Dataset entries

(* Let $\Gamma$ be a simple connected graph of order $n$ and let $\mu$ be the algebraic connectivity of $\Gamma$. Then: (1) if $\Gamma$ is 3-regular, then $\mathrm{girth}(\Gamma)\ge \left\lceil\frac{n(\mu-1)}{\mu}\right\rceil$; (2) if $\Gamma$ is 4-regular, then $\mathrm{girth}(\Gamma)\ge \left\lceil\frac{n(\mu-2)}{\mu}\right\rceil$; (3) if $\Gamma$ is 5-regular, then $\mathrm{girth}(\Gamma)\ge \left\lceil\frac{n\mu}{n+\mu}\right\rceil$.
   Context: $\mathrm{girth}(\Gamma)$ is the length of a shortest cycle in $\Gamma$. The algebraic connectivity is the second smallest eigenvalue of the Laplacian matrix of $\Gamma$. *)

theory Defs
  imports "Jordan_Normal_Form.Char_Poly" "HOL-Library.Extended_Nat"
begin

definition simple_graph :: "nat \<Rightarrow> (nat \<Rightarrow> nat \<Rightarrow> bool) \<Rightarrow> bool" where
  "simple_graph n E \<longleftrightarrow> (\<forall>u v. E u v \<longrightarrow> u < n \<and> v < n) \<and>
     (\<forall>u v. E u v \<longrightarrow> E v u) \<and> (\<forall>u. \<not> E u u)"

definition connected_graph :: "nat \<Rightarrow> (nat \<Rightarrow> nat \<Rightarrow> bool) \<Rightarrow> bool" where
  "connected_graph n E \<longleftrightarrow> (\<forall>u v. u < n \<longrightarrow> v < n \<longrightarrow> E\<^sup>*\<^sup>* u v)"
lemma max_light_is_light:
  assumes "x \<in> M" "a \<in> light x"
  obtains z where "z \<in> M" "a \<in> light z" "max_light a = light z"
proof -
  let ?L = "light ` {z \<in> M. a \<in> light z}"
  have "subset.chain ?L ?L"
    unfolding subset_chain_def using light_laminar by blast
  moreover have "finite ?L" "?L \<noteq> {}"
    using finite_matches assms by auto
  ultimately have "\<Union>?L \<in> ?L"
    using Union_in_chain by blast
  then show thesis
    using that unfolding max_light_def by blast
qed

lemma light_subset_max_light: "x \<in> M \<Longrightarrow> a \<in> light x \<Longrightarrow> light x \<subseteq> max_light a"
  unfolding max_light_def by blast

lemma max_light_eq:
  assumes x: "x \<in> M" and "a \<in> light x" "b \<in> light x"
  shows "max_light a = max_light b"
proof -
  have "max_light a \<subseteq> max_light b" if "a \<in> light x" "b \<in> light x" for a b
  proof -
    obtain z where z: "z \<in> M" "max_light a = light z"
      using max_light_is_light[OF x \<open>a \<in> light x\<close>] by blast
    then have "b \<in> light z"
      using light_subset_max_light[OF x \<open>a \<in> light x\<close>] \<open>b \<in> light x\<close> by blast
    then show ?thesis
      using z light_subset_max_light by simp
  qed
  then show ?thesis
    using assms by blast
qed

definition colour :: "'v \<Rightarrow> nat" where
  "colour a = card {b \<in> max_light a. idx b < idx a}"

lemma colour_inj_on_light:
  assumes x: "x \<in> M"
  shows "inj_on colour (light x)"
proof (rule inj_onI)
  fix a b assume a: "a \<in> light x" and b: "b \<in> light x" and "colour a = colour b"
  let ?S = "max_light a"
  obtain z where z: "max_light a = light z"
    using max_light_is_light[OF x a] by blast
  then have "finite ?S"
    using finite_light by simp
  moreover have "light z \<subseteq> V"
    using light_subset[of z] players_of_subset[of z] players_subset by blast
  then have "inj_on idx ?S"
    unfolding z by (rule inj_on_subset[OF inj_on_idx])
  moreover have "a \<in> ?S" "b \<in> ?S"
    using light_subset_max_light[OF x a] a b by auto
  moreover have "card {c \<in> ?S. idx c < idx a} = card {c \<in> ?S. idx c < idx b}"
    using \<open>colour a = colour b\<close> max_light_eq[OF x a b] unfolding colour_def by simp
  ultimately show "a = b"
    by (auto dest: inj_onD[OF inj_on_rank])
qed

lemma colour_less_dim_bound:
  assumes x: "x \<in> M" and a: "a \<in> light x"
  shows "colour a < dim_bound V E"
proof -
  obtain z where z: "z \<in> M" "a \<in> light z" "max_light a = light z"
    using max_light_is_light[OF x a] .
  then have "colour a < card (light z)"
    unfolding colour_def using card_rank_less[OF finite_light] by simp
  also have "\<dots> \<le> dim_bound V E"
    using card_light_le_dim_bound[OF z(1)] .
  finally show ?thesis .
qed

definition light_reach :: "'v \<Rightarrow> 'v set" where
  "light_reach a = \<Union> (P ` {z \<in> M. a \<in> light z})"

lemma finite_light_reach: "finite (light_reach a)"
proof (rule finite_subset)
  show "light_reach a \<subseteq> V"
    unfolding light_reach_def using players_of_subset players_subset by blast
qed (rule finite_V)

lemma players_of_subset_light_reach: "x \<in> M \<Longrightarrow> a \<in> light x \<Longrightarrow> P x \<subseteq> light_reach a"
  unfolding light_reach_def by blast

lemma light_reach_subset_heavy:
  assumes x: "x \<in> M" and a: "a \<in> light x" and b: "b \<in> P (heavy x)" and "colour a = colour b"
  shows "light_reach b \<subseteq> P (heavy x)"
  unfolding light_reach_def
proof (rule UN_least)
  fix z assume "z \<in> {z \<in> M. b \<in> light z}"
  then have z: "z \<in> M" "b \<in> light z"
    by auto
  have bx: "b \<in> P x"
    using b players_of_edge[OF heavy_edge[OF x]] by blast
  have "b \<notin> light x"
    using b unfolding light_def by blast
  consider "(z, x) \<in> E\<^sup>*" | "(x, z) \<in> E\<^sup>*"
    using comparable_if_common_player[OF _ bx] z(2) light_subset by blast
  then show "P z \<subseteq> P (heavy x)"
  proof cases
    case 1
    then show ?thesis
    proof (cases rule: rtranclE)
      case base
      then show ?thesis
        using z(2) \<open>b \<notin> light x\<close> by simp
    next
      case (step u)
      have "b \<in> P u"
        using z(2) light_subset players_of_mono[OF step(1)] by blast
      then have "u = heavy x"
        using in_nbr_unique[OF step(2) heavy_edge[OF x] _ b] by blast
      then show ?thesis
        using players_of_mono[OF step(1)] by simp
    qed
  next
    case 2
    then have "a \<in> light z"
      using light_mono[OF _ bx z(2)] a by blast
    then have "a = b"
      using inj_onD[OF colour_inj_on_light[OF z(1)] \<open>colour a = colour b\<close>] z(2) by blast
    then show ?thesis
      using a \<open>b \<notin> light x\<close> by simp
  qed
qed

lemma card_light_reach_less:
  assumes x: "x \<in> M" and a: "a \<in> light x" and b: "b \<in> P (heavy x)" and "colour a = colour b"
  shows "card (light_reach b) < card (light_reach a)"
proof -
  have "card (light_reach b) \<le> card (P (heavy x))"
    using light_reach_subset_heavy[OF assms] finite_players_of by (rule card_mono[rotated])
  also have "\<dots> < card (P x)"
    using a players_of_edge[OF heavy_edge[OF x]] finite_players_of
    unfolding light_def by (intro psubset_card_mono) auto
  also have "\<dots> \<le> card (light_reach a)"
    using players_of_subset_light_reach[OF x a] finite_light_reach by (rule card_mono[rotated])
  finally show ?thesis .
qed

text \<open>A player \<open>a\<close> light at \<open>x\<close> beats at \<open>x\<close> every other player \<open>b\<close> of its colour: \<open>b\<close> lies
  in \<open>P (heavy x)\<close>, and so does every match at which \<open>b\<close> is light, whereas the light reach
  of \<open>a\<close> contains \<open>P x\<close>.\<close>

definition colour_priority :: "nat \<Rightarrow> 'v \<Rightarrow> bool \<times> int \<times> nat" where
  "colour_priority i a = (colour a \<noteq> i, - int (card (light_reach a)), idx a)"

lemma inj_on_colour_priority: "inj_on (colour_priority i) Pl"
  using inj_on_subset[OF inj_on_idx players_subset] unfolding colour_priority_def inj_on_def by simp

lemma winner_colour_priority:
  assumes x: "x \<in> M" and a: "a \<in> light x"
  shows "winner (colour_priority (colour a)) x = a"
proof (rule winner_eqI[OF inj_on_colour_priority])
  show "x \<in> V" "a \<in> P x"
    using x a matches_subset light_subset by auto
  fix b assume b: "b \<in> P x"
  show "colour_priority (colour a) a \<le> colour_priority (colour a) b"
  proof (cases "colour b = colour a \<and> b \<noteq> a")
    case True
    then have "b \<notin> light x"
      using inj_onD[OF colour_inj_on_light[OF x]] a by blast
    then have "b \<in> P (heavy x)"
      using b unfolding light_def by blast
    then have "card (light_reach b) < card (light_reach a)"
      using card_light_reach_less[OF x a] True by simp
    then show ?thesis
      using True unfolding colour_priority_def by simp
  next
    case False
    then show ?thesis
      unfolding colour_priority_def by auto
  qed
qed

definition power2_scoring :: "'v \<Rightarrow> real" where
  "power2_scoring x = 2 ^ idx x"

lemma scoring_system_power2: "scoring_system V E power2_scoring"
  unfolding scoring_system_def power2_scoring_def by simp

lemma sum_power2_scoring_inj:
  assumes "X \<subseteq> V" "Y \<subseteq> V" "sum power2_scoring X = sum power2_scoring Y"
  shows "X = Y"
proof -
  have sum_eq: "sum power2_scoring Z = real (\<Sum>k\<in>idx ` Z. (2::nat) ^ k)" if "Z \<subseteq> V" for Z
    using inj_on_subset[OF inj_on_idx that]
    unfolding power2_scoring_def by (simp add: sum.reindex)
  have "finite X" "finite Y"
    using assms(1,2) finite_V finite_subset by auto
  moreover have "(\<Sum>k\<in>idx ` X. (2::nat) ^ k) = (\<Sum>k\<in>idx ` Y. 2 ^ k)"
    using assms(3) unfolding sum_eq[OF assms(1)] sum_eq[OF assms(2)] by (simp only: of_nat_eq_iff)
  ultimately have "idx ` X = idx ` Y"
    by (intro inj_onD[OF inj_on_sum_power2]) auto
  then show ?thesis
    using inj_on_image_eq_iff[OF inj_on_idx assms(1,2)] by simp
qed

lemma score_power2_eq_imp_agree:
  assumes "score V E power2_scoring B0 B = score V E power2_scoring B0 B'"
  shows "{y \<in> M. B0 y = B y} = {y \<in> M. B0 y = B' y}"
  using assms matches_subset unfolding score_def by (intro sum_power2_scoring_inj) auto

lemma bracket_heavy:
  assumes B: "B \<in> brackets V E" and x: "x \<in> M" and "B x \<notin> light x"
  shows "B x = B (heavy x)"
proof -
  obtain u where u: "u \<in> in_nbrs E x" "B x = B u"
    using B x by (rule bracket_match)
  then have ux: "(u, x) \<in> E" and "u \<in> V"
    using in_nbrs_subset unfolding in_nbrs_def by auto
  have "B x \<in> P (heavy x)"
    using bracket_in_players_of[OF B] x matches_subset \<open>B x \<notin> light x\<close> unfolding light_def by blast
  then have "u = heavy x"
    using in_nbr_unique[OF ux heavy_edge[OF x]] bracket_in_players_of[OF B \<open>u \<in> V\<close>] u(2) by simp
  then show ?thesis
    using u(2) by simp
qed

» **Goal of the exercise**: Copy, from the data above, every line where the word "real" appears.

» **Exercise output**:
definition power2_scoring :: "'v \<Rightarrow> real" where
  have sum_eq: "sum power2_scoring Z = real (\<Sum>k\<in>idx ` Z. (2::nat) ^ k)" if "Z \<subseteq> V" for Z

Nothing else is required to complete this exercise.